**TASK OBJECTIVE:** In the listing that follows, count the lines holding the word "arbitrary" and report only that number.
..........
lemma dist_triangle:
  assumes "(A, B, Z, f, g, h) \<in> dist C"
  shows "A \<in> obj C" "B \<in> obj C" "Z \<in> obj C"
    and "f \<in> hom C A B" "g \<in> hom C B Z" "h \<in> hom C Z (sh C A)"
  using assms triangulatedD(1) unfolding is_triangle_def by fastforce+

lemma dist_rotate_iff:
  assumes "f \<in> hom C A B" "g \<in> hom C B Z" "h \<in> hom C Z (sh C A)"
  shows "(A, B, Z, f, g, h) \<in> dist C \<longleftrightarrow> (B, Z, sh C A, g, h, mneg C (shm C f)) \<in> dist C"
proof -
  have "is_triangle C (A, B, Z, f, g, h)" unfolding is_triangle_def using assms hom_objs by blast
  then show ?thesis using triangulatedD(4) by blast
qed

lemma dist_rotate:
  assumes d: "(A, B, Z, f, g, h) \<in> dist C"
  shows "(B, Z, sh C A, g, h, mneg C (shm C f)) \<in> dist C"
  using dist_rotate_iff[OF dist_triangle(4-6)[OF d]] d by blast

lemma dist_unrotate:
  assumes d: "(B, Z, sh C A, g, h, mneg C (shm C f)) \<in> dist C" and f: "f \<in> hom C A B"
  shows "(A, B, Z, f, g, h) \<in> dist C"
  using dist_rotate_iff[OF f dist_triangle(4,5)[OF d]] d by blast

lemma dist_rotate_shift:
  "(A, B, Z, f, g, h) \<in> dist C \<Longrightarrow>
   (sh C A, sh C B, sh C Z, mneg C (shm C f), mneg C (shm C g), mneg C (shm C h)) \<in> dist C"
  by (intro dist_rotate)

lemma dist_iso_closed:
  assumes d: "(A, B, Z, f, g, h) \<in> dist C"
    and f': "f' \<in> hom C A' B'" and g': "g' \<in> hom C B' Z'" and h': "h' \<in> hom C Z' (sh C A')"
    and "iso_mor C A A' u" "iso_mor C B B' v" "iso_mor C Z Z' w"
    and "cmp C v f = cmp C f' u" "cmp C w g = cmp C g' v" "cmp C (shm C u) h = cmp C h' w"
  shows "(A', B', Z', f', g', h') \<in> dist C"
proof -
  have "is_triangle C (A', B', Z', f', g', h')" unfolding is_triangle_def
    using f' g' h' hom_objs by auto
  moreover have "tri_iso C (A, B, Z, f, g, h) (A', B', Z', f', g', h')"
    unfolding tri_iso_def using assms by auto
  ultimately show ?thesis using d triangulatedD(2) by blast
qed
theorem lemma5:
  fixes m c :: nat
  assumes "m > 0"
  defines "t0 \<equiv> tt m c 0" and "t1 \<equiv> tt m c 1" and "t2 \<equiv> tt m c 2"
  shows "((\<lambda>n. (t1 n - t0 n) - (1 / (real m * real n) - 1 / ((real m)^2 * real n * t0 n)))
           \<in> O(\<lambda>n. 1 / (real n * (ln (real n))^2))) \<and>
         ((\<lambda>n. (t2 n - t1 n) - (1 / (real m * real n) - 1 / ((real m)^2 * real n * t0 n)))
           \<in> O(\<lambda>n. 1 / (real n * (ln (real n))^2))) \<and>
         ((\<lambda>n. (2 * t1 n - t0 n - t2 n) - 1 / (real m * (real n)^2))
           \<in> O(\<lambda>n. 1 / ((real n)^2 * ln (real n)))) \<and>
         ((\<lambda>n. 1 / t0 n + 1 / t2 n - 2 / t1 n)
           \<in> O(\<lambda>n. 1 / ((real n)^2 * (ln (real n))^2)))"
proof -
  let ?G = "ff_inv 1 c" and ?z = "\<lambda>n. real m * real n"
  txt \<open>Only eventually: \<open>t0 0\<close> is a junk value, as \<open>ff m c t = 0\<close> has no positive root.\<close>
  have t_eq: "eventually (\<lambda>n. 0 < n \<and> 0 < ?G (?z n) \<and> t0 n = ?G (?z n) / real m
      \<and> t1 n = ?G (?z n + real m) / real m \<and> t2 n = ?G (?z n + 2 * real m) / real m) sequentially"
    using eventually_gt_at_top[of 0]
    by eventually_elim
       (use assms in \<open>simp add: t0_def t1_def t2_def tt_eq_ff_inv ff_inv_scale[OF assms(1)]
          ff_inv_pos ff_ff_inv distrib_left mult.commute\<close>)
  have "real m \<noteq> 0"
    using assms by simp
  note taylor1 = ff_inv_taylor_remainder_bigo[OF assms(1) zero_less_one, where c = c]
    and taylor2 = ff_inv_taylor_remainder_bigo[OF assms(1) zero_less_two, where c = c]
    and deriv = ff_inv_deriv_sequence_asymptotics[OF assms(1), where c = c]
  have "(\<lambda>n. (t1 n - t0 n) - (1 / (real m * real n) - 1 / ((real m)^2 * real n * t0 n)))
      \<in> O(\<lambda>n. 1 / (real n * (ln (real n))^2))"
    by (rule landau_o.big.in_cong[THEN iffD1, OF _ sum_in_bigo(1)[OF taylor1 deriv]])
       (use t_eq in \<open>eventually_elim, elim conjE, simp only:,
          use assms(1) in \<open>simp add: field_simps power2_eq_square\<close>\<close>)
  moreover have "(\<lambda>n. (t2 n - t1 n) - (1 / (real m * real n) - 1 / ((real m)^2 * real n * t0 n)))
      \<in> O(\<lambda>n. 1 / (real n * (ln (real n))^2))"
    by (rule landau_o.big.in_cong[THEN iffD1,
          OF _ sum_in_bigo(1)[OF sum_in_bigo(2)[OF taylor2 taylor1] deriv]])
       (use t_eq in \<open>eventually_elim, elim conjE, simp only:,
          use assms(1) in \<open>simp add: field_simps power2_eq_square\<close>\<close>)
  moreover have "(\<lambda>n. (2 * t1 n - t0 n - t2 n) - 1 / (real m * (real n)^2))
      \<in> O(\<lambda>n. 1 / ((real n)^2 * ln (real n)))"
    by (rule landau_o.big.in_cong[THEN iffD1,
          OF _ ff_inv_second_difference_asymptotics[OF assms(1), where c = c]])
       (use t_eq in \<open>eventually_elim, elim conjE, simp only:,
          use assms(1) in \<open>simp add: field_simps power2_eq_square\<close>\<close>)
  moreover have "(\<lambda>n. 1 / t0 n + 1 / t2 n - 2 / t1 n) \<in> O(\<lambda>n. 1 / ((real n)^2 * (ln (real n))^2))"
    by (rule landau_o.big.in_cong[THEN iffD1, OF _ landau_o.big.cmult_in_iff[THEN iffD2,
          OF \<open>real m \<noteq> 0\<close> inverse_ff_inv_second_difference_bigo[OF assms(1), where c = c]]])
       (use t_eq in \<open>eventually_elim, elim conjE, simp only:,
          use assms(1) in \<open>simp add: field_simps power2_eq_square\<close>\<close>)
  ultimately show ?thesis
    by blast
qed

end
lemma subst_rt_bigsep_n:
  "subst_rt (bigsep_n n F) x a = bigsep_n n (\<lambda>i. subst_rt (F i) x a)"
  by (induction n) (simp_all add: subst_rt_emp_rt subst_rt_sepadd)

lemma subst_rt_bigsep:
  "subst_rt (bigsep e F) x a = bigsep (\<lambda>s. e (s(x := a s))) (\<lambda>i. subst_rt (F i) x a)"
proof -
  have "subst_rt (bigsep e F) x a (s, h) = bigsep_n (e (s(x := a s))) F (s(x := a s), h)" for s h
    unfolding subst_rt_def bigsep_def by simp
  also have "\<dots> s h = subst_rt (bigsep_n (e (s(x := a s))) F) x a (s, h)" for s h
    unfolding subst_rt_def by simp
  finally show ?thesis
    unfolding bigsep_def subst_rt_bigsep_n by auto
qed

lemma ert_mono: "f \<le> g \<Longrightarrow> ert C f \<le> ert C g"
proof (induction C arbitrary: f g)
  case (Alloc x e)
  then show ?case
    by (auto simp: le_fun_def intro!: SUP_mono' sepimp_mono[unfolded le_fun_def, rule_format]
          subst_rt_mono[unfolded le_fun_def, rule_format])
next
  case (Lookup x e)
  then have "sepadd (pt e (\<lambda>_. v)) (sepimp (pt e (\<lambda>_. v)) (subst_rt f x (\<lambda>_. v)))
      \<le> sepadd (pt e (\<lambda>_. v)) (sepimp (pt e (\<lambda>_. v)) (subst_rt g x (\<lambda>_. v)))" for v
    by (intro sepadd_mono sepimp_mono subst_rt_mono)
  then show ?case
    by (auto simp: le_fun_def intro!: INF_mono')
next
  case (PChoice C1 p C2)
  then show ?case
    by (auto simp: le_fun_def intro!: add_mono mult_left_mono)
next
  case (If b C1 C2)
  then show ?case
    by (auto simp: le_fun_def iverson_def intro!: add_mono)
next
  case (While b C)
  then show ?case
    unfolding ert.simps by (intro lfp_mono) (auto simp: le_fun_def iverson_def)
qed (simp_all add: sepadd_mono sepimp_mono subst_rt_mono)

lemma mono_ert_While_functional:
  fixes C :: "'v prog"
  shows "mono (\<lambda>g \<sigma>. iverson (\<lambda>s. \<not> b s) f \<sigma> + iverson b (ert C g) \<sigma>)"
proof (intro monoI le_funI)
  fix g g' :: "'v rt" and \<sigma>
  assume "g \<le> g'"
  then have "ert C g \<sigma> \<le> ert C g' \<sigma>"
    by (rule le_funD[OF ert_mono])
  then show "iverson (\<lambda>s. \<not> b s) f \<sigma> + iverson b (ert C g) \<sigma>
      \<le> iverson (\<lambda>s. \<not> b s) f \<sigma> + iverson b (ert C g') \<sigma>"
    by (auto simp: iverson_def split: prod.split)
qed

definition rt_indep :: "'v \<Rightarrow> 'v rt \<Rightarrow> bool" where
  "rt_indep y f \<longleftrightarrow> (\<forall>h. indep y (\<lambda>s. f (s, h)))"

lemma rt_indep_iff: "rt_indep y f \<longleftrightarrow> (\<forall>s v h. f (s(y := v), h) = f (s, h))"
  unfolding rt_indep_def indep_def by blast

lemma rt_indep_sepadd: "rt_indep y f \<Longrightarrow> rt_indep y g \<Longrightarrow> rt_indep y (sepadd f g)"
  unfolding rt_indep_iff sepadd_def by simp

lemma rt_indep_sepimp: "rt_indep y f \<Longrightarrow> rt_indep y g \<Longrightarrow> rt_indep y (sepimp f g)"
  unfolding rt_indep_iff sepimp_def by simp

lemma rt_indep_emp_rt: "rt_indep y emp_rt"
  unfolding rt_indep_iff emp_rt_def by simp

lemma rt_indep_tm: "indep y e \<Longrightarrow> rt_indep y (tm e)"
  unfolding rt_indep_iff tm_def indep_def by simp

lemma rt_indep_pt: "indep y e \<Longrightarrow> indep y e' \<Longrightarrow> rt_indep y (pt e e')"
  unfolding rt_indep_iff pt_def indep_def by simp

lemma rt_indep_pt_any: "indep y e \<Longrightarrow> rt_indep y (pt_any e)"
  unfolding rt_indep_iff pt_any_def indep_def by simp

lemma rt_indep_bigsep:
  assumes "indep y e" and "\<And>i. rt_indep y (F i)"
  shows "rt_indep y (bigsep e F)"
proof -
  have "rt_indep y (bigsep_n n F)" for n
    by (induction n) (simp_all add: rt_indep_emp_rt rt_indep_sepadd assms(2))
  then show ?thesis
    using assms(1) unfolding rt_indep_iff bigsep_def indep_def by simp
qed

lemma rt_indep_subst_rt:
  assumes "y \<noteq> x" and "indep y a" and "rt_indep y f"
  shows "rt_indep y (subst_rt f x a)"
  unfolding rt_indep_iff subst_rt_def
proof (clarsimp)
  fix s v h
  have "s(y := v, x := a (s(y := v))) = (s(x := a s))(y := v)"
    using assms(1,2) by (simp add: indep_def fun_upd_twist)
  then show "f (s(y := v, x := a (s(y := v))), h) = f (s(x := a s), h)"
    using assms(3) by (simp add: rt_indep_iff)
qed

lemma rt_indep_iverson: "indep y b \<Longrightarrow> rt_indep y f \<Longrightarrow> rt_indep y (iverson b f)"
  unfolding rt_indep_iff iverson_def indep_def by simp

lemma rt_indep_Sup: "\<forall>f\<in>M. rt_indep y f \<Longrightarrow> rt_indep y (Sup M)"
  unfolding rt_indep_iff by (auto simp: Sup_apply intro!: SUP_cong)

lemma rt_indep_inf_var: "rt_indep y (inf_var y f)"
  unfolding rt_indep_iff inf_var_def by simp

lemma inf_var_le: "inf_var y f \<le> f"
proof (intro le_funI, clarify)
  fix s h
  have "(INF v. f (s(y := v), h)) \<le> f (s(y := s y), h)"
    by (rule INF_lower) simp
  then show "inf_var y f (s, h) \<le> f (s, h)"
    unfolding inf_var_def by simp
qed

lemma le_inf_var_if_rt_indep:
  assumes "rt_indep y f" and "f \<le> g"
  shows "f \<le> inf_var y g"
proof (intro le_funI, clarify)
  fix s h
  have "f (s, h) \<le> g (s(y := v), h)" for v
    using assms(1) le_funD[OF assms(2), of "(s(y := v), h)"] by (simp add: rt_indep_iff)
  then show "f (s, h) \<le> inf_var y g (s, h)"
    unfolding inf_var_def by (simp add: INF_greatest)
qed

lemma rt_indep_ert:
  assumes "notin_prog y C" and "rt_indep y f"
  shows "rt_indep y (ert C f)"
  using assms
proof (induction C arbitrary: f)
  case (Tick e)
  then show ?case by (simp add: rt_indep_sepadd rt_indep_tm)
next
  case (Assign x e)
  then show ?case by (simp add: rt_indep_subst_rt)
next
  case (Alloc x e)
  then have "rt_indep y (sepimp (bigsep e (\<lambda>i. pt (\<lambda>_. v + i - 1) (\<lambda>_. 0))) (subst_rt f x (\<lambda>_. v)))"
    for v by (simp add: rt_indep_sepimp rt_indep_bigsep rt_indep_pt rt_indep_subst_rt indep_def)
  then show ?case by (simp add: rt_indep_iff)
next
  case (Mut e e')
  then show ?case by (simp add: rt_indep_sepadd rt_indep_sepimp rt_indep_pt rt_indep_pt_any)
next
  case (Lookup x e)
  then have "rt_indep y (sepadd (pt e (\<lambda>_. v)) (sepimp (pt e (\<lambda>_. v)) (subst_rt f x (\<lambda>_. v))))"
    for v by (simp add: rt_indep_sepadd rt_indep_sepimp rt_indep_pt rt_indep_subst_rt indep_def)
  then show ?case by (simp add: rt_indep_iff)
next
  case (Free e)
  then show ?case by (simp add: rt_indep_sepadd rt_indep_pt_any)
next
  case (PChoice C1 p C2)
  then have "rt_indep y (ert C1 f)" "rt_indep y (ert C2 f)" "indep y p" by simp_all
  then show ?case by (simp add: rt_indep_iff indep_def)
next
  case (If b C1 C2)
  then have "rt_indep y (iverson b (ert C1 f))" "rt_indep y (iverson (\<lambda>s. \<not> b s) (ert C2 f))"
    by (simp_all add: rt_indep_iverson indep_def)
  then show ?case by (simp add: rt_indep_iff)
next
  case (Seq C1 C2)
  then show ?case by simp
next
  case (While b C)
  show ?case
    unfolding ert.simps
  proof (induction rule: lfp_ordinal_induct[OF mono_ert_While_functional])
    case (1 g)
    then have "rt_indep y (iverson (\<lambda>s. \<not> b s) f)" "rt_indep y (iverson b (ert C g))"
      using While by (simp_all add: rt_indep_iverson indep_def)
    then show ?case by (simp add: rt_indep_iff)
  next
    case (2 M)
    then show ?case by (rule rt_indep_Sup)
  qed
qed

lemma ert_Mut_pt_le: "ert (Mut e e') (pt e e') \<le> pt_any e"
proof (intro le_funI, clarify)
  fix s h
  have "ert (Mut e e') (pt e e') (s, h)
      \<le> pt_any e (s, h) + sepimp (pt e e') (pt e e') (s, hempty)"
    by (simp add: sepadd_le_hempty_right)
  also have "\<dots> = pt_any e (s, h)"
    by (simp add: sepimp_hempty_eq_0)
  finally show "ert (Mut e e') (pt e e') (s, h) \<le> pt_any e (s, h)" .
qed

lemma ert_Lookup_le:
  assumes "y \<noteq> x"
  shows "ert (Lookup x e) (sepadd (emp_and (\<lambda>s. s x = s z)) (pt (subst_exp e x y) (\<lambda>s. s z)))
    \<le> sepadd (emp_and (\<lambda>s. s x = s y)) (pt e (\<lambda>s. s z))"
    (is "ert _ ?F \<le> _")
proof (intro le_funI, clarify)
  fix s h
  let ?P = "pt e (\<lambda>_. s z)"
  show "ert (Lookup x e) ?F (s, h) \<le> sepadd (emp_and (\<lambda>s. s x = s y)) (pt e (\<lambda>s. s z)) (s, h)"
  proof (cases "s x = s y")
    case True
    have "subst_rt ?F x (\<lambda>_. s z) (s, h') = ?P (s, h')" for h'
    proof -
      \<comment> \<open>after \<open>x := z\<close>, evaluating \<open>e[x/y]\<close> gives back \<open>e s\<close>, since \<open>s x = s y\<close>\<close>
      from True assms have "(s(x := s z))(x := (s(x := s z)) y) = s"
        by auto
      then show ?thesis
        by (simp add: subst_rt_def sepadd_emp_and subst_exp_def pt_def)
    qed
    then have wand_0: "sepimp ?P (subst_rt ?F x (\<lambda>_. s z)) (s, hempty) = 0"
      by (simp add: sepimp_hempty_eq_0)
    have "ert (Lookup x e) ?F (s, h) \<le> sepadd ?P (sepimp ?P (subst_rt ?F x (\<lambda>_. s z))) (s, h)"
      unfolding ert.simps prod.case by (rule INF_lower) simp
    also have "\<dots> \<le> ?P (s, h)"
      using sepadd_le_hempty_right[of ?P "sepimp ?P (subst_rt ?F x (\<lambda>_. s z))" s h] wand_0
      by simp
    finally show ?thesis
      using True by (simp add: sepadd_emp_and pt_def)
  qed (simp add: sepadd_emp_and)
qed

lemma ert_Alloc_le_emp_rt:
  assumes "indep x e"
  shows "ert (Alloc x e) (bigsep e (\<lambda>i. pt (\<lambda>s. s x + i - 1) (\<lambda>_. 0))) \<le> emp_rt"
proof (intro le_funI, clarify)
  fix s h
  let ?Q = "\<lambda>v. bigsep e (\<lambda>i. pt (\<lambda>_. v + i - 1) (\<lambda>_. 0))"
  have "subst_rt (bigsep e (\<lambda>i. pt (\<lambda>s. s x + i - 1) (\<lambda>_. 0))) x (\<lambda>_. v) = ?Q v" for v
    using assms by (simp add: subst_rt_bigsep subst_rt_pt indep_def)
  then have "ert (Alloc x e) (bigsep e (\<lambda>i. pt (\<lambda>s. s x + i - 1) (\<lambda>_. 0))) (s, hempty) = 0"
    by (simp add: sepimp_hempty_eq_0)
  then show "ert (Alloc x e) (bigsep e (\<lambda>i. pt (\<lambda>s. s x + i - 1) (\<lambda>_. 0))) (s, h) \<le> emp_rt (s, h)"
    by (cases "h = hempty") (simp_all add: emp_rt_def)
qed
..........
**WRITTEN SOLUTION:** 2